1/2 Clove trees the color of ash by Amitav Ghosh (スパイスアイランズ)

For many years the word “globalization” was used as shorthand for a promised utopia of free trade powered by the world's great centers of technological and financial innovation. But the celebratory note has worn thin. The word is now increasingly invoked to explain a widespread recoiling from a cosmopolitan earth. People in many countries are looking nostalgically backward, toward less connected, supposedly more secure times.
But did such an era ever exist? Was there ever an unglobalized world?
The question struck me during the final hours of the American election, when I happened to be traveling by ferry in the Maluku archipelago of Indonesia. Once known as the Moluccas, this corner of the world is considered remote even within Indonesia. Two time zones removed from Jakarta, it straddles one of the most seismically volatile zones on earth;many of its islands are active volcanoes rising steeply out of the sea. In size they range from small to minuscule. Surely if ever there were a global periphery, it would be here.
Yet for millenniums these islands have been at the forefront of global history. This is because their volcanic soils have nurtured two miraculous trees, which grew nowhere else on earth:One is Syzygium aromaticum, which produces the clove, and the other is Myristica fragrans, of which nutmeg is the seed and mace the seed's lacy outer covering.
For thousands of years these spices were among the world's most sought-after commodities, making the sultans of the “Spice Islands” famously wealthy. Cloves from around 1700 B.C. have been found at the site of a settlement in Tell Ashara, Syria. To get there, they would have had to travel more than 6,000 miles, through the ports of the Indian Ocean and overland through Mesopotamia. At every stop, their price would have multiplied hugely, In Renaissance Europe, the value of some spices was thousands of times more than at their point of origin.
The Republic of Venice possessed a virtual monopoly on the spice market in the Mediterranean for centuries. Although pepper and ginger, mainly from India, accounted for the bulk of the cargo, cloves, nutmeg and mace from the Molucca commanded much higher prices by weight.

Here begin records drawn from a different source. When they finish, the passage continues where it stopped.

lemma G_orbit_plane_pencil:
  assumes p: "(p1, p2) \<noteq> (0, 0)" and L: "L \<in> plane_pencil (span1 (vec5 p1 p2 0 0 0))"
  shows "G_orbit a b c L = plane_pencil (span1 (vec5 p1 p2 0 0 0))"
proof -
  let ?p = "vec5 p1 p2 0 0 0"
  obtain w where w: "w$2 = 1" "w$3 = 0" "w$4 = 0" and Lw: "L = span2 ?p w"
    using L unfolding plane_pencil_eq[OF p] by blast
  show ?thesis
    unfolding Lw G_orbit_span2_ell_point plane_pencil_eq[OF p]
  proof (intro equalityI subsetI)
    fix L' assume "L' \<in> {span2 ?p (G_map a b c r s t w) | r s t. True}"
    then obtain r s t where "L' = span2 ?p (G_map a b c r s t w)" by blast
    moreover have "G_map a b c r s t w $ 2 = 1 \<and> G_map a b c r s t w $ 3 = 0 \<and>
        G_map a b c r s t w $ 4 = 0"
      using w by (simp add: G_map_def)
    ultimately show "L' \<in> {span2 ?p w' | w'. w'$2 = 1 \<and> w'$3 = 0 \<and> w'$4 = 0}" by blast
  next
    fix L' assume "L' \<in> {span2 ?p w' | w'. w'$2 = 1 \<and> w'$3 = 0 \<and> w'$4 = 0}"
    then obtain w' where w': "w'$2 = 1" "w'$3 = 0" "w'$4 = 0" "L' = span2 ?p w'" by blast
    moreover have "G_map a b c (w'$0 - w$0) (w'$1 - w$1) 0 w = w'"
      using w w' unfolding vec_eq_iff_5 by (simp add: G_map_def)
    ultimately have "L' = span2 ?p (G_map a b c (w'$0 - w$0) (w'$1 - w$1) 0 w)" by simp
    then show "L' \<in> {span2 ?p (G_map a b c r s t w) | r s t. True}" by blast
  qed
qed

section \<open>Lines of the solids through a point of \<ell>\<close>

lemma solid_pencil_eq:
  assumes p: "(p1, p2) \<noteq> (0, 0)" and e: "(e4, e5) \<noteq> (0, 0)"
  shows "solid_pencil (solid e4 e5) (span1 (vec5 p1 p2 0 0 0)) =
    {span2 (vec5 p1 p2 0 0 0) w | w. w$3 = e4 \<and> w$4 = e5}"
proof (intro equalityI subsetI)
  let ?p = "vec5 p1 p2 0 0 0"
  have p_pi: "?p \<in> piP" "?p \<noteq> 0" using p by (auto simp: piP_eq)
  fix L
  {
    assume "L \<in> solid_pencil (solid e4 e5) (span1 ?p)"
    then have line: "pg_line L" and LS: "L \<subseteq> solid e4 e5" and "span1 ?p \<subseteq> L"
      and "\<not> L \<subseteq> piP"
      by (auto simp: solid_pencil_def pg_lines_def)
    then have "?p \<in> L" using span1_mem(1) by blast
    obtain z where z: "z \<in> L" "z \<notin> piP" using \<open>\<not> L \<subseteq> piP\<close> by blast
    then obtain \<kappa> where k: "\<kappa> \<noteq> 0" "z$3 = \<kappa> * e4" "z$4 = \<kappa> * e5"
      using solid_outside_piP[OF e] LS by blast
    let ?w = "(1 / \<kappa>) *s z"
    have "?w \<in> L"
      using line z(1) by (rule pg_sub_smult_mem)
    moreover have w: "?w$3 = e4" "?w$4 = e5" using k by simp_all
    moreover have "?w \<notin> piP" using w e by (simp add: piP_eq)
    ultimately have "L = span2 ?p ?w"
      using pg_line_eq_span2[OF line indep2_if_piP_notin_piP[OF p_pi]] \<open>?p \<in> L\<close> by blast
    then show "L \<in> {span2 ?p w | w. w$3 = e4 \<and> w$4 = e5}" using w by blast
  next
    assume "L \<in> {span2 ?p w | w. w$3 = e4 \<and> w$4 = e5}"
    then obtain w where w: "w$3 = e4" "w$4 = e5" and L: "L = span2 ?p w" by blast
    have "w \<notin> piP" using w e by (simp add: piP_eq)
    then have "pg_line L" "\<not> L \<subseteq> piP"
      using pg_line_span2[OF indep2_if_piP_notin_piP[OF p_pi]] span2_mem(2)[of w ?p] L by auto
    moreover have "L \<subseteq> solid e4 e5"
      unfolding L using w p_pi piP_subset_solid by (intro span2_subset_solid) (auto simp: solid_def)
    moreover have "span1 ?p \<subseteq> L" using span1_subset_span2 L by simp
    ultimately show "L \<in> solid_pencil (solid e4 e5) (span1 ?p)"
      by (simp add: solid_pencil_def pg_lines_def)
  }
qed

lemma span2_ell_point_eq_iff_solid:
  assumes p: "(p1, p2) \<noteq> (0, 0)" and e: "(e4, e5) \<noteq> (0, 0)"
    and w: "w$3 = e4" "w$4 = e5" and w': "w'$3 = e4" "w'$4 = e5"
  shows "span2 (vec5 p1 p2 0 0 0) w = span2 (vec5 p1 p2 0 0 0) w' \<longleftrightarrow>
    w$2 = w'$2 \<and> ell_cross p1 p2 w = ell_cross p1 p2 w'"
proof (cases "e4 = 0")
  case True
  then show ?thesis using span2_ell_point_eq_iff[OF p, of 4 w w'] e w w' by auto
next
  case False
  then show ?thesis using span2_ell_point_eq_iff[OF p, of 3 w w'] w w' by auto
qed

lemma solid_pencil_eq_range:
  assumes p: "(p1, p2) \<noteq> (0, 0)" and e: "(e4, e5) \<noteq> (0, 0)"
  shows "solid_pencil (solid e4 e5) (span1 (vec5 p1 p2 0 0 0)) =
    range (\<lambda>(y, k). span2 (vec5 p1 p2 0 0 0) (ell_lift p1 p2 k y e4 e5))"
  unfolding solid_pencil_eq[OF p e]
proof (intro equalityI subsetI)
  fix L
  {
    assume "L \<in> {span2 (vec5 p1 p2 0 0 0) w | w. w$3 = e4 \<and> w$4 = e5}"
    then obtain w where w: "w$3 = e4" "w$4 = e5" "L = span2 (vec5 p1 p2 0 0 0) w" by blast
    then have "L = span2 (vec5 p1 p2 0 0 0) (ell_lift p1 p2 (ell_cross p1 p2 w) (w$2) e4 e5)"
      using span2_ell_point_eq_iff_solid[OF p e] ell_cross_ell_lift[OF p] by simp
    then show "L \<in> range (\<lambda>(y, k). span2 (vec5 p1 p2 0 0 0) (ell_lift p1 p2 k y e4 e5))"
      by (intro image_eqI[of _ _ "(w$2, ell_cross p1 p2 w)"]) simp_all
  next
    assume "L \<in> range (\<lambda>(y, k). span2 (vec5 p1 p2 0 0 0) (ell_lift p1 p2 k y e4 e5))"
    then obtain y k where "L = span2 (vec5 p1 p2 0 0 0) (ell_lift p1 p2 k y e4 e5)"
      by (auto simp: image_iff)
    moreover have "ell_lift p1 p2 k y e4 e5 $ 3 = e4 \<and> ell_lift p1 p2 k y e4 e5 $ 4 = e5"
      by simp
    ultimately show "L \<in> {span2 (vec5 p1 p2 0 0 0) w | w. w$3 = e4 \<and> w$4 = e5}" by blast
  }
qed

lemma card_solid_pencil:
  assumes p: "(p1, p2) \<noteq> (0, 0)" and e: "(e4, e5) \<noteq> (0, 0)"
  shows "card (solid_pencil (solid e4 e5) (span1 (vec5 p1 p2 0 0 (0::'a::field)))) = CARD('a)^2"
proof -
  have "inj (\<lambda>(y, k). span2 (vec5 p1 p2 0 0 0) (ell_lift p1 p2 k y e4 e5))"
    using span2_ell_point_eq_iff_solid[OF p e] ell_cross_ell_lift[OF p] by (intro injI) auto
  then show ?thesis
    unfolding solid_pencil_eq_range[OF p e]
    by (simp add: card_image card_cartesian_product power2_eq_square flip: UNIV_Times_UNIV)
qed

context anisotropic_cubic
begin

lemma G_map_adjust_X3:
  assumes e: "(e4, e5) \<noteq> (0, 0)" and w: "w$3 = e4" "w$4 = e5"
  obtains r s where "G_map a b c r s 0 w $ 2 = y"
proof (cases "e4 = 0")
  case True
  then have "e5 \<noteq> 0" using e by simp
  then have "G_map a b c 0 ((y - w$2) / (2 * e5)) 0 w $ 2 = y"
    using w True two_neq_zero by (simp add: G_map_def field_simps)
  then show ?thesis by (rule that)
next
  case False
  then have "G_map a b c ((y - w$2) / (2 * e4)) 0 0 w $ 2 = y"
    using w two_neq_zero by (simp add: G_map_def field_simps)
  then show ?thesis by (rule that)
qed

text \<open>The substitution \<open>(r, s) = (u e5, - u e4)\<close> fixes \<open>X3\<close>; if \<open>p1 e4 + p2 e5 = 0\<close> it moves
  the cross coordinate linearly in \<open>u\<close>, with a slope that vanishes only at a zero of the
  cubic form.\<close>

lemma G_map_adjust_cross:
  assumes p: "(p1, p2) \<noteq> (0, 0)" and e: "(e4, e5) \<noteq> (0, 0)" and w: "w$3 = e4" "w$4 = e5"
  obtains r s t where "G_map a b c r s t w $ 2 = w$2" "ell_cross p1 p2 (G_map a b c r s t w) = f"
proof (cases "p1 * e4 + p2 * e5 = 0")
  case False
  define t where "t = (ell_cross p1 p2 w - f) / (p1 * e4 + p2 * e5)"
  have "ell_cross p1 p2 (G_map a b c 0 0 t w) = ell_cross p1 p2 w - t * (p1 * e4 + p2 * e5)"
    using w unfolding ell_cross_def G_map_def by (simp add: algebra_simps)
  then have "ell_cross p1 p2 (G_map a b c 0 0 t w) = f" using False by (simp add: t_def)
  moreover have "G_map a b c 0 0 t w $ 2 = w$2" by (simp add: G_map_def)
  ultimately show ?thesis using that by blast
next
  case True
  define K where "K = p2 * (a * e4 * e5 + e4^2) - p1 * (b * e4 * e5 + c * e5^2)"
  define F where "F = e4^3 + a * e4^2 * e5 + b * e4 * e5^2 + c * e5^3"
  have "e5 * K = (p1 * e4 + p2 * e5) * (a * e4 * e5 + e4^2) - p1 * F"
    "e4 * K = p2 * F - (p1 * e4 + p2 * e5) * (b * e4 * e5 + c * e5^2)"
    unfolding K_def F_def by algebra+
  moreover have "F \<noteq> 0" using cubic_form_eq_0[of e4 e5] e unfolding F_def by auto
  ultimately have K: "K \<noteq> 0" using True p e by auto
  have cross: "ell_cross p1 p2 (G_map a b c (u * e5) (- u * e4) 0 w) =
      ell_cross p1 p2 w - u * w$2 * (p1 * e4 + p2 * e5) + u * K
      - u^2 * e4 * e5 * (p1 * e4 + p2 * e5)" for u
    using w unfolding ell_cross_def G_map_def K_def by (simp add: algebra_simps power2_eq_square)
  define u where "u = (f - ell_cross p1 p2 w) / K"
  have "ell_cross p1 p2 (G_map a b c (u * e5) (- u * e4) 0 w) = f"
    unfolding cross True using K by (simp add: u_def)
  moreover have "G_map a b c (u * e5) (- u * e4) 0 w $ 2 = w$2"
    using w by (simp add: G_map_def algebra_simps)
  ultimately show ?thesis using that by blast
qed

lemma G_orbit_solid_pencil:
  assumes p: "(p1, p2) \<noteq> (0, 0)" and e: "(e4, e5) \<noteq> (0, 0)"
    and L: "L \<in> solid_pencil (solid e4 e5) (span1 (vec5 p1 p2 0 0 0))"
  shows "G_orbit a b c L = solid_pencil (solid e4 e5) (span1 (vec5 p1 p2 0 0 0))"
proof -
  let ?p = "vec5 p1 p2 0 0 0"
  obtain w where w: "w$3 = e4" "w$4 = e5" and Lw: "L = span2 ?p w"
    using L unfolding solid_pencil_eq[OF p e] by blast
  show ?thesis
    unfolding Lw G_orbit_span2_ell_point solid_pencil_eq[OF p e]
  proof (intro equalityI subsetI)
    fix L' assume "L' \<in> {span2 ?p (G_map a b c r s t w) | r s t. True}"
    then obtain r s t where "L' = span2 ?p (G_map a b c r s t w)" by blast
    moreover have "G_map a b c r s t w $ 3 = e4 \<and> G_map a b c r s t w $ 4 = e5"
      using w by (simp add: G_map_def)
    ultimately show "L' \<in> {span2 ?p w' | w'. w'$3 = e4 \<and> w'$4 = e5}" by blast
  next
    fix L' assume "L' \<in> {span2 ?p w' | w'. w'$3 = e4 \<and> w'$4 = e5}"
    then obtain w' where w': "w'$3 = e4" "w'$4 = e5" and L': "L' = span2 ?p w'" by blast
    obtain r1 s1 where g1: "G_map a b c r1 s1 0 w $ 2 = w'$2"
      using G_map_adjust_X3[OF e w] by blast
    define w1 where "w1 = G_map a b c r1 s1 0 w"
    have w1: "w1$3 = e4" "w1$4 = e5" using w unfolding w1_def by (simp_all add: G_map_def)
    obtain r2 s2 t2 where g2: "G_map a b c r2 s2 t2 w1 $ 2 = w1$2"
      "ell_cross p1 p2 (G_map a b c r2 s2 t2 w1) = ell_cross p1 p2 w'"
      using G_map_adjust_cross[OF p e w1] by blast
    have "G_map a b c r2 s2 t2 w1 $ 3 = e4" "G_map a b c r2 s2 t2 w1 $ 4 = e5"
      using w1 by (simp_all add: G_map_def)
    then have "L' = span2 ?p (G_map a b c r2 s2 t2 w1)"
      unfolding L' using span2_ell_point_eq_iff_solid[OF p e] g1 g2 w' unfolding w1_def by simp
    also have "G_map a b c r2 s2 t2 w1 = G_map a b c (r2 + r1) (s2 + s1) (t2 + 2 * r2 * s1) w"
      unfolding w1_def G_map_G_map by simp
    finally show "L' \<in> {span2 ?p (G_map a b c r s t w) | r s t. True}" by blast
  qed
qed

It was in hopes of bypassing Venice and the Middle East that the monarchs of Spain and Portugal funded the great voyages of the age of discovery. The Portuguese mariners who pioneered the sea route to the Indian Ocean brought with them not just their religion but also the prevalent European faith in monopolies. This notions was alien to the trading cultures of the Indian Ocean, where the rulers of the major ports had always vied with one another to attract as great a variety of merchants as possible. The Portuguese, and the Spanish, Dutch and English who followed them, were unheeding of these traditions:They never veered from their quest for monopolies, especially amid the vulnerable islands of the Moluccas.
A murderous, decades-long struggle ensued in which the competing European powers were pitted against one another, as well as the people of the Moluccas. In the process the English gained their first Asian possession, a pair of tiny islands, Ai and Run, part of a Moluccan chain called the Bandas.
In the end it was the Dutch who won, but at the cost of atrocities that included an attempted genocide. In 1621, on the orders of the Dutch East India Company's governor general, some 14,000 of the Banda Islands' estimated 15,000 inhabitants were slaughtered or taken into slavery. Two years later, officials of the Butch East India Company beheaded 10 Englishmen in what is known as the Massaacre of Amboyna.
Although the bloodshed sealed the Dutch hold on the East India, the British did not relinquish their claim to the island of Run until several decades later. So eager were the Dutch to get them out of the Moluccas that in 1667 they agreed to an exchange in which the English gave up their claim on Run in return for the recognition of their right to territories that included another island on the far side of the planet - Manhattan.